Extracted records:
_ _ _ _ _ _ _

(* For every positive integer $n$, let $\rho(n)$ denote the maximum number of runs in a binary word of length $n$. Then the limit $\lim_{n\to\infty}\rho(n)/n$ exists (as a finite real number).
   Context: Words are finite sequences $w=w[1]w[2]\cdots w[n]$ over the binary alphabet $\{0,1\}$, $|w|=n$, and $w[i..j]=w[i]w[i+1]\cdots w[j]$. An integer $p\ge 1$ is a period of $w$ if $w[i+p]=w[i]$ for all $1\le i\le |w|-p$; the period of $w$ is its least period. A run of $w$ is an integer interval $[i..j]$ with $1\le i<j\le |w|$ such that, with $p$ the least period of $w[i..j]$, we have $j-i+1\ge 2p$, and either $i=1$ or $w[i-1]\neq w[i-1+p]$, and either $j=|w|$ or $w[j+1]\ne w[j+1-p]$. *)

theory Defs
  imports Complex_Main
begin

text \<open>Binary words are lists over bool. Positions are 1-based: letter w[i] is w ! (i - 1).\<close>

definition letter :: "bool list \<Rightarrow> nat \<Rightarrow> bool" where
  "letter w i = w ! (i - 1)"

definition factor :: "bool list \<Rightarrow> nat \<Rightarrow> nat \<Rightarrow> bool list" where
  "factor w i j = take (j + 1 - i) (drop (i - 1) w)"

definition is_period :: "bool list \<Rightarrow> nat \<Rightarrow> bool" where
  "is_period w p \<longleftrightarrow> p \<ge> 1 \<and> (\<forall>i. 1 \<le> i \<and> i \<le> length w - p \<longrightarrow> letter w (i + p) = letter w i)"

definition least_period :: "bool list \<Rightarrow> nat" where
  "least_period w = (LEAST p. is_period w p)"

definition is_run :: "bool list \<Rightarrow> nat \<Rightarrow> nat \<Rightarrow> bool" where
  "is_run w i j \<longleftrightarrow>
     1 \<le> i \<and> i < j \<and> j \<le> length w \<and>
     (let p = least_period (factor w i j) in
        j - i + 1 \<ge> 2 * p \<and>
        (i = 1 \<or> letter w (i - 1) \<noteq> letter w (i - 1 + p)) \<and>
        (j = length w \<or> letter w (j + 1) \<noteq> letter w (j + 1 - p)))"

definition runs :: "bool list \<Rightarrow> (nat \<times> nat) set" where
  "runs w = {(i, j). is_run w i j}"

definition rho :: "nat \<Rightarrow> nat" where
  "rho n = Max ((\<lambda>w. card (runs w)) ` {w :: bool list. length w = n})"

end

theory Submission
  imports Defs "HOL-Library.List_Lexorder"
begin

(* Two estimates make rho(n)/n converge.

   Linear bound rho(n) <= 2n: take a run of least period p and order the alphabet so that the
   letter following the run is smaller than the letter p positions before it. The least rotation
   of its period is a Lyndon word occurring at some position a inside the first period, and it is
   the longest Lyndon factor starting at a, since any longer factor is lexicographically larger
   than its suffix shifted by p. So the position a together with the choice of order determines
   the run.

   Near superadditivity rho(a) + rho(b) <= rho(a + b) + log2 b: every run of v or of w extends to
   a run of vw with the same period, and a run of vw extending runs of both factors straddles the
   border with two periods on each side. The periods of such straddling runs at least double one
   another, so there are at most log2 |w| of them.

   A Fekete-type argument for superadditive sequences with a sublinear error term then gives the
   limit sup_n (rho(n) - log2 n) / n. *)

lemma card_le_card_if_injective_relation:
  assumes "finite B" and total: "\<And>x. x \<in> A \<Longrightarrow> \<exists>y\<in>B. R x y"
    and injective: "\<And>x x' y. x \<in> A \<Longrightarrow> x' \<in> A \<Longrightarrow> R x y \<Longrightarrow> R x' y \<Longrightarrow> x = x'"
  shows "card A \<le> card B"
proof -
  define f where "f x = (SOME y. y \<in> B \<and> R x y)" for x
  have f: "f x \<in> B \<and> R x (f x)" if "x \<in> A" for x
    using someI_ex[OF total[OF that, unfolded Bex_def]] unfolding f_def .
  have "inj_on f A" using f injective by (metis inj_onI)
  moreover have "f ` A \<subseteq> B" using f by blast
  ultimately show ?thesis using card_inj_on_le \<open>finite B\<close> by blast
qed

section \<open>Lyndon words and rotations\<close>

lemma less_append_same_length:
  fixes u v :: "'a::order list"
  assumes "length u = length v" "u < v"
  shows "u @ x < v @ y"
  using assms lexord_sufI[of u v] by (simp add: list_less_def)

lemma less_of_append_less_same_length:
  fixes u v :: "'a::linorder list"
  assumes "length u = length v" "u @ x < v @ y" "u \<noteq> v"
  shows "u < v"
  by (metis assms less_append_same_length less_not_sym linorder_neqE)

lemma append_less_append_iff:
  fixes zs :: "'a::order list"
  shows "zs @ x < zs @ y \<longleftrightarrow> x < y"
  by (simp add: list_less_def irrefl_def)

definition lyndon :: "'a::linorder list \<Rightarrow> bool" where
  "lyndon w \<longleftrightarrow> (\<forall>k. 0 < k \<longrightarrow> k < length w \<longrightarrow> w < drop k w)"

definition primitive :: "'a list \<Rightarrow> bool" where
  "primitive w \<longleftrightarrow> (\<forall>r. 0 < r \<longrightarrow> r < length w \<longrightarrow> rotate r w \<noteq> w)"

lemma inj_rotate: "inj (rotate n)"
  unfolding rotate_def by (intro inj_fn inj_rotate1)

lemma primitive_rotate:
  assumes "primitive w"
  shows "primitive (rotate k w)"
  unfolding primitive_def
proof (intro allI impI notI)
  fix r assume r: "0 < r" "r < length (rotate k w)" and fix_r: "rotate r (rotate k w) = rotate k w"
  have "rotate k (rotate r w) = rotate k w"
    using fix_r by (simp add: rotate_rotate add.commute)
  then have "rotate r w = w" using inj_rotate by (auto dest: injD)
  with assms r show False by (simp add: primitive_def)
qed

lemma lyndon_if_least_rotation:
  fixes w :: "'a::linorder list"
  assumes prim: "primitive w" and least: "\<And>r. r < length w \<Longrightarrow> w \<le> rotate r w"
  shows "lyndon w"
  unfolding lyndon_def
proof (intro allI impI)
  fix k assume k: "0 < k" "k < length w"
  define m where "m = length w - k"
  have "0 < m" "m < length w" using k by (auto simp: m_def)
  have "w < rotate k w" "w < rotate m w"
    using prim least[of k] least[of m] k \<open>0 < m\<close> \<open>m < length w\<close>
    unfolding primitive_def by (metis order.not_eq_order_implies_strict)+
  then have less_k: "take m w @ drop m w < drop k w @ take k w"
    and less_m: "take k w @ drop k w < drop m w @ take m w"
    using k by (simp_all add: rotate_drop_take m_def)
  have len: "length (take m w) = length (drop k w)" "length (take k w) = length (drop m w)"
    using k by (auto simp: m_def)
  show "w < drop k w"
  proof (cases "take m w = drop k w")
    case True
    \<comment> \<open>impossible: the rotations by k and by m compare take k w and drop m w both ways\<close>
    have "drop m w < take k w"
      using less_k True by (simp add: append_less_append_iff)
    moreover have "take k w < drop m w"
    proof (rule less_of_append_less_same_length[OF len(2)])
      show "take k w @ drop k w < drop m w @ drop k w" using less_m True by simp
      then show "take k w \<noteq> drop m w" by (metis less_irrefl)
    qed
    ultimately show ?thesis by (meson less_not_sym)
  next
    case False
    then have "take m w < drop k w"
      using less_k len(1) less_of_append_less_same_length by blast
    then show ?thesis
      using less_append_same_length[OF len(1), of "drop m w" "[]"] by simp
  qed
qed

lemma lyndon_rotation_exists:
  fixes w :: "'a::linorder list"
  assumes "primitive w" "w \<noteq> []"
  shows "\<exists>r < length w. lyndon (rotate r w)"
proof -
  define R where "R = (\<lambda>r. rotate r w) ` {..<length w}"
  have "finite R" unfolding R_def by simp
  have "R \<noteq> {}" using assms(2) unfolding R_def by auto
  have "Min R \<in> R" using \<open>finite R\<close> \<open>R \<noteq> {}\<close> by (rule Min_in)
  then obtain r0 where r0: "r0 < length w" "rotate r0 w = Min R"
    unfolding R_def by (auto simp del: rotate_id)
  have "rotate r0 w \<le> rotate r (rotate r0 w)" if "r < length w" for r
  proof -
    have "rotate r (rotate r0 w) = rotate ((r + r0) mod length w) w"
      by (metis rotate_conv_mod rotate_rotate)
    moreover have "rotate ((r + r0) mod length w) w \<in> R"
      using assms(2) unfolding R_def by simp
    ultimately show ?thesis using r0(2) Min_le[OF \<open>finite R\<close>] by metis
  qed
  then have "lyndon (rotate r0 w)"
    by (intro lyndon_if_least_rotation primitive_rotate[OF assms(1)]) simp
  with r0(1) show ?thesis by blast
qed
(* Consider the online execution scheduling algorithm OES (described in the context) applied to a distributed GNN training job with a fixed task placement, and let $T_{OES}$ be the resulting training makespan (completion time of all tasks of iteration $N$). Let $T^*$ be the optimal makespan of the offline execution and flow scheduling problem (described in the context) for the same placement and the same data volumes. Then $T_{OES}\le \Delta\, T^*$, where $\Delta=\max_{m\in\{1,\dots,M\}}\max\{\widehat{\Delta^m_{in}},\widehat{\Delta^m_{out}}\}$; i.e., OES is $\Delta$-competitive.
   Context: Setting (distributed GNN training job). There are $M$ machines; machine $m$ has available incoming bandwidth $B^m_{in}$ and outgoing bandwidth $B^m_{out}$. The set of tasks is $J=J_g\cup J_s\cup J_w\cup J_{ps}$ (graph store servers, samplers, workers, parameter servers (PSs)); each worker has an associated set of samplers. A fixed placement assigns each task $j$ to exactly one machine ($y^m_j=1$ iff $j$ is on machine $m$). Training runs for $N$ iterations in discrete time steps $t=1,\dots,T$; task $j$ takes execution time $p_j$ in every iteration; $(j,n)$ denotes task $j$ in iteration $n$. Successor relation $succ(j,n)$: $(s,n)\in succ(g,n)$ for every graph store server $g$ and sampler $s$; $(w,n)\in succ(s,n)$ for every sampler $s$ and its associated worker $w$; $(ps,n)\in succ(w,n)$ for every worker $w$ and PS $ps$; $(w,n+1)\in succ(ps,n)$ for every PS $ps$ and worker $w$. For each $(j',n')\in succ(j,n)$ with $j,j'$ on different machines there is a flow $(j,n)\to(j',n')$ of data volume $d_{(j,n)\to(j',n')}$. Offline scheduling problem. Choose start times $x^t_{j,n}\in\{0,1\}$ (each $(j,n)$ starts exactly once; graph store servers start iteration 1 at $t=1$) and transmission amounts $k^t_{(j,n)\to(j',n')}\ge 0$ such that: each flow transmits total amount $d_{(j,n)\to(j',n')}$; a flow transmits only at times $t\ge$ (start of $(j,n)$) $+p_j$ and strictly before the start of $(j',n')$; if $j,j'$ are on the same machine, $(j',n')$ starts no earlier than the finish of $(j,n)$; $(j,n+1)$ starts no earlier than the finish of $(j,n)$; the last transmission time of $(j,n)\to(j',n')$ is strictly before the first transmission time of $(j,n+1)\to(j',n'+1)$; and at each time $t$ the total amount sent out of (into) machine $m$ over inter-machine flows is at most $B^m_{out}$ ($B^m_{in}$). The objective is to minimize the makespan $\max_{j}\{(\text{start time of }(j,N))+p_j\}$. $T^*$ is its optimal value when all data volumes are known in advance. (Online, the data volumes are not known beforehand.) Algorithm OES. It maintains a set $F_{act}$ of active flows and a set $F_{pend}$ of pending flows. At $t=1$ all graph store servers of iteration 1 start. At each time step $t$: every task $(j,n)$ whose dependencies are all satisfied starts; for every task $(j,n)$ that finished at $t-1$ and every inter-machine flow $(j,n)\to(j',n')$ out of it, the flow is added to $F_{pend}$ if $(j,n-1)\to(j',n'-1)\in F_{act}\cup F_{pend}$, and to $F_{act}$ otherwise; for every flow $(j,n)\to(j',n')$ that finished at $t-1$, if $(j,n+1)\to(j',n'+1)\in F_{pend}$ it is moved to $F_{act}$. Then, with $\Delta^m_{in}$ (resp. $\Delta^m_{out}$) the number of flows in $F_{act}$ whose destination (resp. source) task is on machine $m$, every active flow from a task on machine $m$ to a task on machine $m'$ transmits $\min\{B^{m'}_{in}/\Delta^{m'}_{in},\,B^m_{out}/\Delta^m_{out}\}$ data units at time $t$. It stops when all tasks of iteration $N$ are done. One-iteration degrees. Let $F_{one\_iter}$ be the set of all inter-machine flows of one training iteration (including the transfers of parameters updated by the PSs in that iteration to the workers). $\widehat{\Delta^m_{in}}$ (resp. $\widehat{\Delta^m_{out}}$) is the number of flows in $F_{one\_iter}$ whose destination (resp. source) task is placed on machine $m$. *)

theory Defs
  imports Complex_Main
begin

_ _ _ _ _ _ _

What to do: Copy range, inclusive: the line holding "than its suffix" to the line holding "A Fekete-type argument". Reproduce exactly those lines of the records above and no others.

Task solution:
   than its suffix shifted by p. So the position a together with the choice of order determines
   the run.

   Near superadditivity rho(a) + rho(b) <= rho(a + b) + log2 b: every run of v or of w extends to
   a run of vw with the same period, and a run of vw extending runs of both factors straddles the
   border with two periods on each side. The periods of such straddling runs at least double one
   another, so there are at most log2 |w| of them.

   A Fekete-type argument for superadditive sequences with a sublinear error term then gives the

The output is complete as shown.